The ongoing deficit of experienced truck drivers is an issue that plagues the industry and the U.S. economy as a whole. Goods and services need to be delivered, and truckers are primarily the ones who do so, responsible for most of the tonnage carried domestically compared to other transportation modes, according to the American Trucking Associations.
With the passage of new legislation in Colorado, the industry may be on the road to fixing this situation in short order, should other states and the federal government follow the Centennial State's lead.
As noted by Supply Chain Dive, Colorado Gov. Jared Polis recently signed into law a piece of legislation that would allow men and women as young as 18 years of age the opportunity to drive big rigs - Class 8, specifically - across state lines. Currently, federal law prohibits anyone younger than 21 from doing so, but there's a chance that the federal government could do away with this ban, given that a bill called Developing Responsible Individuals for a Vibrant Economy - otherwise known as the DRIVE-Safe Act - was introduced in March 2018 by Representatives Duncan Hunter of California and Trey Hollingsworth of Indiana.
Supporters say the law change is mutually beneficial
Colorado State Senator Ray Scott, a staunch advocate for the change in policy, praised Polis for taking the initiative, telling Transport Topics that his signature will give individuals of working age more options, particularly those who want to enter an opportunity-filled workforce straight out of high school.
"A whole lot of people come out of high school these days and they don't have the funding to go to college [or] they don't want to go to college," Scott explained. "They want to start a trade and truck driving is kind of a cool trade."
Scott added that plenty of young people seek to become truckers, but often pursue other things because they can't afford waiting until they turn 21, the earliest age in which they can drive over state barriers in Class 8 vehicles. Amending this statute is a much-needed action that stands to benefit the industry as well as the nation's economy.
"Over 70% of freight shipped domestically is hauled by commercial vehicle operators."
Indeed, of all the transportation modes that get products in their various forms to their destinations, trucking tops them all. Over 70 percent of freight shipped domestically is hauled by commercial vehicle operators, with north of 10 billion tons carried in 2017, according to the American Trucking Associations.
Not surprisingly, the ATA praised Colorado legislators for taking the measures they did and are hopeful lawmakers on Capitol Hill will be so inclined as well.
"This is a common-sense proposal that will open enormous opportunities for the 18- to 21-year-old population, giving them access to a high-paying profession free of the debt burden that comes with a four-year degree," ATA President Chris Spear said last year, when the DRIVE-Safe Act was officially introduced. "Moreover, this bill would strengthen training programs beyond current requirements to ensure safety and that drivers are best prepared."

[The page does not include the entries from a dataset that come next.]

lemma mem_tri_vertices_if_not_in_rel_interiors:
  assumes "simplicial_complex K" "x \<in> \<Union>K"
    and "\<And>s. s \<in> K \<Longrightarrow> 1 \<le> aff_dim s \<Longrightarrow> x \<notin> rel_interior s"
  shows "x \<in> tri_vertices K"
proof -
  obtain s where s: "s \<in> K" "x \<in> rel_interior s"
    using simplicial_complex_obtain_rel_interior[OF assms(1,2)] .
  have "s \<noteq> {}" using s(2) rel_interior_empty by auto
  then have "0 \<le> aff_dim s" by (metis aff_dim_negative_iff not_le)
  moreover have "\<not> 1 \<le> aff_dim s" using assms(3) s by blast
  ultimately have "aff_dim s = 0" by linarith
  then obtain a where "s = {a}" using aff_dim_eq_0 by blast
  then show ?thesis using s by (simp add: tri_vertices_def)
qed

section \<open>Derived subdivisions\<close>

definition derived_complex :: "('a::euclidean_space set \<Rightarrow> 'a) \<Rightarrow> 'a set set \<Rightarrow> 'a set set" where
  "derived_complex c K = {convex hull (c ` F) | F. F \<subseteq> K - {{}} \<and> chain\<^sub>\<subseteq> F}"

locale simplicial_centres =
  fixes K :: "'a::euclidean_space set set" and c :: "'a set \<Rightarrow> 'a"
  assumes simplicial_complex: "simplicial_complex K"
    and centre_rel_interior: "\<And>s. s \<in> K \<Longrightarrow> s \<noteq> {} \<Longrightarrow> c s \<in> rel_interior s"
begin

(* For a nonempty flag F, the set \<Union>F is its largest member and \<Union>(F - {\<Union>F}) the next one
   (or {} if there is none). *)
definition flag :: "'a set set \<Rightarrow> bool" where
  "flag F \<longleftrightarrow> F \<subseteq> K - {{}} \<and> chain\<^sub>\<subseteq> F"

lemma derived_complex_eq: "derived_complex c K = {convex hull (c ` F) | F. flag F}"
  by (simp add: derived_complex_def flag_def)

lemma convex_member: "s \<in> K \<Longrightarrow> convex s"
  using simplicial_complex convex_simplex unfolding simplicial_complex_def by blast

lemma face_of_member:
  assumes "s \<in> K" "t \<in> K" "s \<subseteq> t"
  shows "s face_of t"
proof -
  have "(t \<inter> s) face_of t" using simplicial_complex assms(1,2) by (simp add: simplicial_complex_def)
  then show ?thesis using assms(3) by (simp add: Int_absorb1)
qed

lemma subset_if_meets_rel_interior:
  assumes "s \<in> K" "t \<in> K" "t \<inter> rel_interior s \<noteq> {}"
  shows "s \<subseteq> t"
proof -
  have "(s \<inter> t) face_of s" using simplicial_complex assms(1,2) by (simp add: simplicial_complex_def)
  moreover have "(s \<inter> t) \<inter> rel_interior s \<noteq> {}" using assms(3) rel_interior_subset by blast
  ultimately show ?thesis using subset_of_face_of[of "s \<inter> t" s s] by blast
qed

lemma centre_mem: "s \<in> K \<Longrightarrow> s \<noteq> {} \<Longrightarrow> c s \<in> s"
  using centre_rel_interior rel_interior_subset by blast

lemma finite_flag: "flag F \<Longrightarrow> finite F"
  using simplicial_complex unfolding flag_def simplicial_complex_def by (meson Diff_subset finite_subset)

lemma flag_subset: "flag F \<Longrightarrow> G \<subseteq> F \<Longrightarrow> flag G"
  unfolding flag_def chain_subset_def by blast

lemma flag_insert: "flag G \<Longrightarrow> t \<in> K \<Longrightarrow> t \<noteq> {} \<Longrightarrow> \<Union>G \<subseteq> t \<Longrightarrow> flag (insert t G)"
  unfolding flag_def chain_subset_def by blast

lemma Union_in_flag: "flag F \<Longrightarrow> F \<noteq> {} \<Longrightarrow> \<Union>F \<in> F"
  by (metis Union_in_chain finite_flag flag_def chain_subset_alt_def)

lemma Union_flag_in_complex: "flag F \<Longrightarrow> F \<noteq> {} \<Longrightarrow> \<Union>F \<in> K \<and> \<Union>F \<noteq> {}"
  using Union_in_flag[of F] unfolding flag_def by blast

lemma convex_hull_flag_subset_Union: "flag F \<Longrightarrow> convex hull (c ` F) \<subseteq> \<Union>F"
proof (cases "F = {}")
  case False
  assume "flag F"
  then have "c s \<in> \<Union>F" if "s \<in> F" for s
    using centre_mem that unfolding flag_def by blast
  moreover have "convex (\<Union>F)" using convex_member Union_flag_in_complex[OF \<open>flag F\<close> False] by blast
  ultimately show ?thesis by (simp add: hull_minimal image_subset_iff)
qed simp

lemma flag_below_top_face_of:
  assumes "flag F" "F \<noteq> {}"
  shows "\<Union>(F - {\<Union>F}) face_of \<Union>F" "\<Union>(F - {\<Union>F}) \<noteq> \<Union>F"
proof -
  have G: "flag (F - {\<Union>F})" using flag_subset[OF assms(1)] by blast
  have top: "\<Union>F \<in> K" "\<Union>F \<noteq> {}" using Union_flag_in_complex[OF assms] by auto
  show "\<Union>(F - {\<Union>F}) face_of \<Union>F"
  proof (cases "F - {\<Union>F} = {}")
    case False
    then have "\<Union>(F - {\<Union>F}) \<in> K" using Union_flag_in_complex[OF G] by blast
    then show ?thesis using top face_of_member by blast
  qed (simp only: Union_empty empty_face_of)
  show "\<Union>(F - {\<Union>F}) \<noteq> \<Union>F"
  proof (cases "F - {\<Union>F} = {}")
    case False
    then show ?thesis using Union_in_flag[OF G] by blast
  next
    case True
    then show ?thesis using top(2) by (metis Union_empty)
  qed
qed

lemma convex_hull_flag_below_top_subset_rel_frontier:
  assumes "flag F" "F \<noteq> {}"
  shows "convex hull (c ` (F - {\<Union>F})) \<subseteq> rel_frontier (\<Union>F)"
proof -
  have "convex hull (c ` (F - {\<Union>F})) \<subseteq> \<Union>(F - {\<Union>F})"
    by (rule convex_hull_flag_subset_Union[OF flag_subset[OF assms(1) Diff_subset]])
  also have "\<dots> \<subseteq> rel_frontier (\<Union>F)"
    by (rule face_of_subset_rel_frontier[OF flag_below_top_face_of[OF assms]])
  finally show ?thesis .
qed

lemma centre_top_notin_affine_hull_below:
  assumes "flag F" "F \<noteq> {}"
  shows "c (\<Union>F) \<notin> affine hull (c ` (F - {\<Union>F}))"
proof -
  have top: "\<Union>F \<in> K" "\<Union>F \<noteq> {}" using Union_flag_in_complex[OF assms] by auto
  have "c ` (F - {\<Union>F}) \<subseteq> \<Union>(F - {\<Union>F})"
    by (rule subset_trans[OF hull_subset
          convex_hull_flag_subset_Union[OF flag_subset[OF assms(1) Diff_subset]]])
  then have "affine hull (c ` (F - {\<Union>F})) \<subseteq> affine hull \<Union>(F - {\<Union>F})" by (rule hull_mono)
  moreover have "affine hull \<Union>(F - {\<Union>F}) \<inter> rel_interior (\<Union>F) = {}"
    by (rule affine_hull_face_of_disjoint_rel_interior[OF convex_member[OF top(1)]
          flag_below_top_face_of[OF assms]])
  ultimately show ?thesis using centre_rel_interior[OF top] by blast
qed

lemma centres_insert_top: "\<Union>F \<in> F \<Longrightarrow> c ` F = insert (c (\<Union>F)) (c ` (F - {\<Union>F}))"
  by blast

lemma card_flag_below_top_less: "flag F \<Longrightarrow> F \<noteq> {} \<Longrightarrow> card (F - {\<Union>F}) < card F"
  using finite_flag Union_in_flag by (meson card_Diff1_less)

lemma convex_hull_flag_insert_top:
  assumes "flag F" "F \<noteq> {}"
  shows "convex hull (c ` F) = convex hull (insert (c (\<Union>F)) (convex hull (c ` (F - {\<Union>F}))))"
  using centres_insert_top[OF Union_in_flag[OF assms]] hull_insert by metis

lemma affine_independent_centres: "flag F \<Longrightarrow> \<not> affine_dependent (c ` F)"
proof (induction "card F" arbitrary: F rule: less_induct)
  case less
  show ?case
  proof (cases "F = {}")
    case False
    have "card (F - {\<Union>F}) < card F" using card_flag_below_top_less[OF less.prems False] .
    then have "\<not> affine_dependent (c ` (F - {\<Union>F}))"
      using less.hyps flag_subset[OF less.prems] by blast
    then show ?thesis
      using affine_independent_insert centre_top_notin_affine_hull_below[OF less.prems False]
        centres_insert_top[OF Union_in_flag[OF less.prems False]] by metis
  qed simp
qed

lemma convex_hull_flag_Int_drop_top:
  assumes F: "flag F" "F \<noteq> {}" and F': "flag F'" and dis: "\<Union>F' \<inter> rel_interior (\<Union>F) = {}"
  shows "convex hull (c ` F) \<inter> convex hull (c ` F') = convex hull (c ` (F - {\<Union>F})) \<inter> convex hull (c ` F')"
    and "\<Union>F \<notin> F'"
proof -
  have top: "\<Union>F \<in> K" "\<Union>F \<noteq> {}" using Union_flag_in_complex[OF F] by auto
  have "convex hull (c ` (F - {\<Union>F})) \<subseteq> \<Union>F"
    using convex_hull_flag_subset_Union[OF flag_subset[OF F(1) Diff_subset]] by blast
  moreover have "disjnt (convex hull (c ` F')) (rel_interior (\<Union>F))"
    using convex_hull_flag_subset_Union[OF F'] dis unfolding disjnt_def by blast
  ultimately have "convex hull (c ` F') \<inter> convex hull (insert (c (\<Union>F)) (convex hull (c ` (F - {\<Union>F})))) =
                   convex hull (c ` F') \<inter> convex hull (convex hull (c ` (F - {\<Union>F})))"
    by (rule Int_convex_hull_insert_rel_exterior[OF convex_member[OF top(1)] _ centre_rel_interior[OF top]])
  then show "convex hull (c ` F) \<inter> convex hull (c ` F') = convex hull (c ` (F - {\<Union>F})) \<inter> convex hull (c ` F')"
    using convex_hull_flag_insert_top[OF F] by (simp add: Int_commute)
  have "rel_interior (\<Union>F) \<noteq> {}"
    using rel_interior_eq_empty convex_member[OF top(1)] top(2) by blast
  then show "\<Union>F \<notin> F'"
    using dis rel_interior_subset by blast
qed

lemma convex_hull_flag_Int_same_top:
  assumes F: "flag F" "F \<noteq> {}" and F': "flag F'" "F' \<noteq> {}" and eq: "\<Union>F' = \<Union>F"
  shows "convex hull (c ` F) \<inter> convex hull (c ` F') =
         convex hull (insert (c (\<Union>F)) (convex hull (c ` (F - {\<Union>F})) \<inter> convex hull (c ` (F' - {\<Union>F}))))"
proof -
  have top: "\<Union>F \<in> K" "\<Union>F \<noteq> {}" using Union_flag_in_complex[OF F] by auto
  show ?thesis
    using convex_hull_insert_Int_eq[OF centre_rel_interior[OF top]
        convex_hull_flag_below_top_subset_rel_frontier[OF F]
        convex_hull_flag_below_top_subset_rel_frontier[OF F', unfolded eq]
        convex_member[OF top(1)] convex_convex_hull convex_convex_hull]
      convex_hull_flag_insert_top[OF F] convex_hull_flag_insert_top[OF F', unfolded eq]
    by argo
qed

lemma flag_tops_cases:
  assumes "flag F" "F \<noteq> {}" "flag F'" "F' \<noteq> {}"
  obtains "\<Union>F' = \<Union>F" | "\<Union>F' \<inter> rel_interior (\<Union>F) = {}" | "\<Union>F \<inter> rel_interior (\<Union>F') = {}"
proof -
  have "\<Union>F \<in> K" "\<Union>F' \<in> K" using Union_flag_in_complex assms by blast+
  then show ?thesis
    using that subset_if_meets_rel_interior[of "\<Union>F" "\<Union>F'"] subset_if_meets_rel_interior[of "\<Union>F'" "\<Union>F"]
    by blast
qed

lemma convex_hull_flag_Int:
  assumes "flag F" "flag F'"
  shows "convex hull (c ` F) \<inter> convex hull (c ` F') = convex hull (c ` (F \<inter> F'))"
  using assms
proof (induction "card F + card F'" arbitrary: F F' rule: less_induct)
  case less
  have below: "flag (F - {\<Union>F})" "flag (F' - {\<Union>F'})"
    using flag_subset less.prems Diff_subset by blast+
  show ?case
  proof (cases "F = {} \<or> F' = {}")
    case False
    then have ne: "F \<noteq> {}" "F' \<noteq> {}" by auto
    from less.prems(1) ne(1) less.prems(2) ne(2) show ?thesis
    proof (cases rule: flag_tops_cases)
      case 1
      let ?t = "\<Union>F"
      have "card (F - {?t}) + card (F' - {?t}) < card F + card F'"
        using card_flag_below_top_less[OF less.prems(1) ne(1)]
          card_flag_below_top_less[OF less.prems(2) ne(2)] 1
        by simp
      then have "convex hull (c ` (F - {?t})) \<inter> convex hull (c ` (F' - {?t})) =
                 convex hull (c ` ((F - {?t}) \<inter> (F' - {?t})))"
        using less.hyps[OF _ below(1) below(2)[unfolded 1]] by blast
      then have "convex hull (c ` F) \<inter> convex hull (c ` F') =
                 convex hull (c ` insert ?t ((F - {?t}) \<inter> (F' - {?t})))"
        using convex_hull_flag_Int_same_top[OF less.prems(1) ne(1) less.prems(2) ne(2) 1]
        by (metis hull_insert image_insert)
      also have "insert ?t ((F - {?t}) \<inter> (F' - {?t})) = F \<inter> F'"
        using Union_in_flag[OF less.prems(1) ne(1)] Union_in_flag[OF less.prems(2) ne(2), unfolded 1]
        by blast
      finally show ?thesis .
    next
      case 2
      have "card (F - {\<Union>F}) + card F' < card F + card F'"
        using card_flag_below_top_less[OF less.prems(1) ne(1)] by linarith
      note ih = less.hyps[OF this below(1) less.prems(2)]
      show ?thesis
        using ih convex_hull_flag_Int_drop_top[OF less.prems(1) ne(1) less.prems(2) 2]
        by (simp add: Diff_Int_distrib2)
    next
      case 3
      have "card F + card (F' - {\<Union>F'}) < card F + card F'"
        using card_flag_below_top_less[OF less.prems(2) ne(2)] by linarith
      note ih = less.hyps[OF this less.prems(1) below(2)]
      show ?thesis
        using ih convex_hull_flag_Int_drop_top[OF less.prems(2) ne(2) less.prems(1) 3]
        by (simp add: Int_commute Diff_Int_distrib)
    qed
  qed auto
qed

Shortage could top 174,000
The trucker shortage is a severe one, necessitating the recruitment of 90,000 drivers each year to fill the gaping hole, the ATA estimates. Should it continue to worsen, the shortfall could reach 174,000 by 2026.
In addition to offering more generous wages, businesses are also including various incentives in their bonus packages to persuade individuals toward perusing commercial trucking as a career path. Industry insiders believe that added vacation time and more comprehensive health insurance perks, among other inducements, could help optimize and revitalize the distribution supply chain. As a starting salary, truckers can make as much as $70,000 per year with some employers.